Real codes are seldom this simple — especially, as is so often the case, when one is working with an existing sequential code rather than de novo. What do we do when the function isn't pure (say, some results are stashed away via side effects), or the inputs aren't simple data types but references to complex pointer nests? While conceptually we may readily identify a task and intuitively recognize an opportunity to deploy a master/worker solution — that is, know when it is appropriate to kick off tasks — pragmatically it may be very difficult to create a “task closure” if you will.

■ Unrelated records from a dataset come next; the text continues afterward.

lemma odd_inversions_make_odd:
  assumes "m \<in> even_positions w"
  shows "odd_inversions \<sigma> (make_odd m w) = odd_inversions \<sigma> w
     \<union> (\<lambda>a. (a, m)) ` {a \<in> odd_positions w. a < m \<and> \<sigma> m < \<sigma> a}
     \<union> (\<lambda>b. (m, b)) ` {b \<in> odd_positions w. m < b \<and> \<sigma> b < \<sigma> m}"
  unfolding odd_inversions_altdef odd_positions_make_odd[OF assms] by auto

lemma card_odd_inversions_make_odd:
  assumes m: "m \<in> even_positions w"
  shows "card (odd_inversions \<sigma> (make_odd m w)) = card (odd_inversions \<sigma> w)
     + card {a \<in> odd_positions w. a < m \<and> \<sigma> m < \<sigma> a}
     + card {b \<in> odd_positions w. m < b \<and> \<sigma> b < \<sigma> m}"
proof -
  have "m \<notin> odd_positions w"
    using m odd_even_positions_disjoint by blast
  moreover have "finite (odd_inversions \<sigma> w)"
    by (rule finite_subset[of _ "odd_positions w \<times> odd_positions w"]) (auto simp: odd_inversions_altdef)
  ultimately show ?thesis
    unfolding odd_inversions_make_odd[OF m]
    by (subst card_Un_disjoint card_image; auto simp: odd_inversions_altdef inj_on_def)+
qed

lemma even_card_Diff_add_Diff:
  assumes "finite A" "finite B"
  shows "even (card (A - B) + card (B - A)) = even (card A + card B)"
proof -
  have "card A + card B = 2 * card (A \<inter> B) + (card (A - B) + card (B - A))"
    using card_Int_Diff[OF assms(1), of B] card_Int_Diff[OF assms(2), of A] by (simp add: Int_commute)
  then show ?thesis
    by simp
qed

lemma positions_permute_word:
  assumes "\<sigma> permutes {0..<j}" and "length v = j"
  shows "{k. k < length v \<and> Q (v ! k)} = \<sigma> ` {i. i < j \<and> Q (permute_word \<sigma> j v ! i)}"
proof -
  have "\<sigma> ` {i. i < j \<and> Q (permute_word \<sigma> j v ! i)} = \<sigma> ` {i \<in> {0..<j}. Q (v ! \<sigma> i)}"
    by auto
  also have "\<dots> = {k \<in> \<sigma> ` {0..<j}. Q (v ! k)}"
    by auto
  also have "\<sigma> ` {0..<j} = {0..<j}"
    by (rule permutes_image[OF assms(1)])
  finally show ?thesis
    using assms(2) by auto
qed

lemma odd_positions_permute_word:
  "\<sigma> permutes {0..<j} \<Longrightarrow> length v = j \<Longrightarrow> odd_positions v = \<sigma> ` odd_positions (permute_word \<sigma> j v)"
  unfolding odd_positions_def length_permute_word by (rule positions_permute_word)

lemma even_positions_permute_word:
  "\<sigma> permutes {0..<j} \<Longrightarrow> length v = j \<Longrightarrow> even_positions v = \<sigma> ` even_positions (permute_word \<sigma> j v)"
  unfolding even_positions_def length_permute_word by (rule positions_permute_word)

lemma odd_before_permute_word:
  assumes "\<sigma> permutes {0..<j}" and "length v = j"
  shows "odd_before (\<sigma> k) v = card {i \<in> odd_positions (permute_word \<sigma> j v). \<sigma> i < \<sigma> k}"
proof -
  have "{t \<in> odd_positions v. t < \<sigma> k} = \<sigma> ` {i \<in> odd_positions (permute_word \<sigma> j v). \<sigma> i < \<sigma> k}"
    unfolding odd_positions_permute_word[OF assms] by auto
  then show ?thesis
    using permutes_inj[OF assms(1)] by (simp add: odd_before_card card_image inj_on_subset)
qed

text \<open>The Koszul sign of \<sigma> changes, when the letter at m becomes odd, by the
  number of odd letters whose order relative to m is reversed by \<sigma>; modulo 2 this
  is the discrepancy between the odd letters before m and those before \<sigma> m.\<close>
lemma koszul_sign_make_odd:
  assumes s: "\<sigma> permutes {0..<j}" and v: "length v = j"
    and m: "m \<in> even_positions (permute_word \<sigma> j v)"
  shows "even (odd_before (\<sigma> m) v + card (odd_inversions \<sigma> (make_odd m (permute_word \<sigma> j v)))) =
         even (card (odd_inversions \<sigma> (permute_word \<sigma> j v)) + odd_before m (permute_word \<sigma> j v))"
proof -
  define u where "u = permute_word \<sigma> j v"
  define A where "A = {i \<in> odd_positions u. \<sigma> i < \<sigma> m}"
  define B where "B = {i \<in> odd_positions u. i < m}"
  have "m \<notin> odd_positions u"
    using m odd_even_positions_disjoint unfolding u_def by blast
  then have "i \<noteq> m \<and> \<sigma> i \<noteq> \<sigma> m" if "i \<in> odd_positions u" for i
    using that permutes_inj[OF s] by (metis inj_eq)
  then have "{a \<in> odd_positions u. a < m \<and> \<sigma> m < \<sigma> a} = B - A"
    and "{b \<in> odd_positions u. m < b \<and> \<sigma> b < \<sigma> m} = A - B"
    unfolding A_def B_def by (auto simp: linorder_neq_iff)
  then have "card (odd_inversions \<sigma> (make_odd m u)) = card (odd_inversions \<sigma> u) + card (B - A) + card (A - B)"
    using card_odd_inversions_make_odd[OF m[folded u_def]] by simp
  moreover have "odd_before (\<sigma> m) v = card A"
    unfolding A_def u_def by (rule odd_before_permute_word[OF s v])
  moreover have "odd_before m u = card B"
    unfolding B_def by (rule odd_before_card)
  moreover have "even (card (A - B) + card (B - A)) = even (card A + card B)"
    by (rule even_card_Diff_add_Diff) (simp_all add: A_def B_def)
  ultimately show ?thesis
    unfolding u_def[symmetric] by presburger
qed

lemma permute_word_make_odd:
  assumes s: "\<sigma> permutes {0..<j}" and v: "length v = j" and m: "m < j"
  shows "permute_word \<sigma> j (make_odd (\<sigma> m) v) = make_odd m (permute_word \<sigma> j v)"
proof (rule nth_equalityI)
  fix i assume "i < length (permute_word \<sigma> j (make_odd (\<sigma> m) v))"
  then have i: "i < j"
    by simp
  have "\<sigma> i = \<sigma> m \<longleftrightarrow> i = m"
    using permutes_inj[OF s] by (auto dest: injD)
  moreover have "\<sigma> i < j"
    using permutes_in_image[OF s, of i] i by simp
  ultimately show "permute_word \<sigma> j (make_odd (\<sigma> m) v) ! i = make_odd m (permute_word \<sigma> j v) ! i"
    using i v m by (auto simp: make_odd_def nth_list_update)
qed simp

section \<open>Passage to coinvariants\<close>

lemma euler_contraction_nonzeroD:
  "euler_contraction F v \<noteq> 0 \<Longrightarrow> \<exists>k\<in>even_positions v. F (make_odd k v) \<noteq> 0"
  unfolding euler_contraction_def by (metis (no_types, lifting) signed_zero sum.neutral)

lemma euler_contraction_chain_deg_0:
  assumes "F \<in> chain_deg n P 0"
  shows "euler_contraction F v = 0"
proof (rule ccontr)
  assume "euler_contraction F v \<noteq> 0"
  then obtain k where "k \<in> even_positions v" "F (make_odd k v) \<noteq> 0"
    using euler_contraction_nonzeroD by blast
  then show False
    using assms odd_count_make_odd by (fastforce simp: chain_deg_def)
qed

locale species_structure =
  fixes scale :: "rat \<Rightarrow> 'a::ab_group_add \<Rightarrow> 'a"
    and P :: "nat \<Rightarrow> 'a set"
    and act :: "nat \<Rightarrow> (nat \<Rightarrow> nat) \<Rightarrow> 'a \<Rightarrow> 'a"
  assumes species: "species scale P act"
begin

sublocale vector_space scale
  using species by (simp add: species_def)

lemma subspace_P: "subspace (P j)"
  using species by (simp add: species_def)

lemma P_0: "P 0 = {0}"
  using species by (simp add: species_def)

lemma signed_mem: "p \<in> P j \<Longrightarrow> signed c p \<in> P j"
  using subspace_neg[OF subspace_P] by (simp add: signed_def)

lemma signed_scale: "signed a (scale c x) = scale c (signed a x)"
  by (simp add: signed_def)

context
  fixes \<sigma> :: "nat \<Rightarrow> nat" and j :: nat
  assumes \<sigma>: "\<sigma> permutes {0..<j}"
begin

lemma act_add: "p \<in> P j \<Longrightarrow> q \<in> P j \<Longrightarrow> act j \<sigma> (p + q) = act j \<sigma> p + act j \<sigma> q"
  using species \<sigma> by (simp add: species_def)

lemma act_zero: "act j \<sigma> 0 = 0"
  using act_add[of 0 0] subspace_0[OF subspace_P] by simp

lemma act_minus: "p \<in> P j \<Longrightarrow> act j \<sigma> (- p) = - act j \<sigma> p"
  using act_add[of p "- p"] act_zero subspace_neg[OF subspace_P] by (simp add: eq_neg_iff_add_eq_0 add.commute)

lemma act_signed: "p \<in> P j \<Longrightarrow> act j \<sigma> (signed c p) = signed c (act j \<sigma> p)"
  by (simp add: signed_def act_minus)

lemma act_sum: "(\<And>x. x \<in> A \<Longrightarrow> f x \<in> P j) \<Longrightarrow> act j \<sigma> (sum f A) = (\<Sum>x\<in>A. act j \<sigma> (f x))"
proof (induction A rule: infinite_finite_induct)
  case (insert x A)
  then show ?case
    using act_add subspace_sum[OF subspace_P, of A f] by simp
qed (simp_all add: act_zero)

lemma euler_contraction_sact:
  assumes H: "\<And>u. length u = j \<Longrightarrow> H u \<in> P j"
  shows "euler_contraction (sact act j \<sigma> H) v = sact act j \<sigma> (euler_contraction H) v"
proof (cases "length v = j")
  case False
  then show ?thesis
    by (simp add: euler_contraction_def sact_def)
next
  case v: True
  define u where "u = permute_word \<sigma> j v"
  have "euler_contraction (sact act j \<sigma> H) v =
      (\<Sum>m\<in>even_positions u. signed (odd_before (\<sigma> m) v) (sact act j \<sigma> H (make_odd (\<sigma> m) v)))"
    unfolding euler_contraction_def even_positions_permute_word[OF \<sigma> v] u_def
    by (rule sum.reindex[OF inj_on_subset[OF permutes_inj[OF \<sigma>]], simplified])
  also have "\<dots> = (\<Sum>m\<in>even_positions u.
      signed (card (odd_inversions \<sigma> u) + odd_before m u) (act j \<sigma> (H (make_odd m u))))"
  proof (rule sum.cong[OF refl])
    fix m assume m: "m \<in> even_positions u"
    then have "m < j"
      by (simp add: even_positions_def u_def)
    then have "sact act j \<sigma> H (make_odd (\<sigma> m) v) =
        signed (card (odd_inversions \<sigma> (make_odd m u))) (act j \<sigma> (H (make_odd m u)))"
      using sact_altdef[of "make_odd (\<sigma> m) v" j act \<sigma> H] permute_word_make_odd[OF \<sigma> v] v
      by (simp add: u_def)
    then have "signed (odd_before (\<sigma> m) v) (sact act j \<sigma> H (make_odd (\<sigma> m) v)) =
        signed (odd_before (\<sigma> m) v + card (odd_inversions \<sigma> (make_odd m u))) (act j \<sigma> (H (make_odd m u)))"
      by simp
    also have "\<dots> = signed (card (odd_inversions \<sigma> u) + odd_before m u) (act j \<sigma> (H (make_odd m u)))"
      by (rule signed_cong) (use koszul_sign_make_odd[OF \<sigma> v m[unfolded u_def]] in \<open>simp add: u_def\<close>)
    finally show "signed (odd_before (\<sigma> m) v) (sact act j \<sigma> H (make_odd (\<sigma> m) v)) =
        signed (card (odd_inversions \<sigma> u) + odd_before m u) (act j \<sigma> (H (make_odd m u)))" .
  qed
  also have "\<dots> = signed (card (odd_inversions \<sigma> u)) (act j \<sigma> (euler_contraction H u))"
    using H by (simp add: euler_contraction_def act_sum signed_mem act_signed signed_sum u_def)
  also have "\<dots> = sact act j \<sigma> (euler_contraction H) v"
    using sact_altdef[OF v, of act \<sigma> "euler_contraction H"] by (simp add: u_def)
  finally show ?thesis .
qed

end

lemma sum_lessThan_const_eq_scale: "(\<Sum>k<m. x) = scale (of_nat m) x"
  by (induction m) (simp_all add: scale_left_distrib)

Can we generalize master/worker a bit to apply agenda parallelism in these cases?

A Little History

Early on, parallel computing developed a reputation for being especially arcane and demanding — the stuff of hero programmers. The push was on to create parallel programming systems for mere mortals. The grail: absolve programmers of any need to think about parallelism. Two popular lines of attack: (i) make compilers smart enough to extract parallelism from “normal” code, (ii) develop a language for which “normal” code was naturally parallel. Note: while related, these are different.

Both approaches resulted in systems of some limited utility, but failed to achieve the full goal.

Back to the drawing board. How about giving the compiler just a little help? One approach focused on “data parallelism” — closely related to what we've termed “result parallelism”.

Suppose we are writing a code that requires the manipulation of a large array. We write a sequential code in the normal way, but add some extra information that describes how the array should be broken up into parts to be map onto independent processors. This information, while fairly modest, nonetheless: (i) indicates parallelism is desired, (ii) establishes the granularity, and (iii) determines how the computational load is to be divided. Underlying all of this is the owner computes concept: the owner of a part of the array has responsibility for the computations that involve the values of that portion of the array. The compiler and/or runtime takes care of all the coordination activities implicit in computing over the partitioned array. Is important to note that (i) tasks (in the master/worker sense) are implicitly defined and that (ii) this is done via granularity coarsening that results in a parallel structure somewhere between result and agenda parallelism.

This approach enjoyed some success (e.g., was an important part of the software associated with Thinking Machines' products), and lives on in various forms today (e.g., certain constructs in Fortran90, extensions to MATLAB). But it has a number of drawbacks, chief among them the requirement, more or less by construction, for nice, large, regular data structures.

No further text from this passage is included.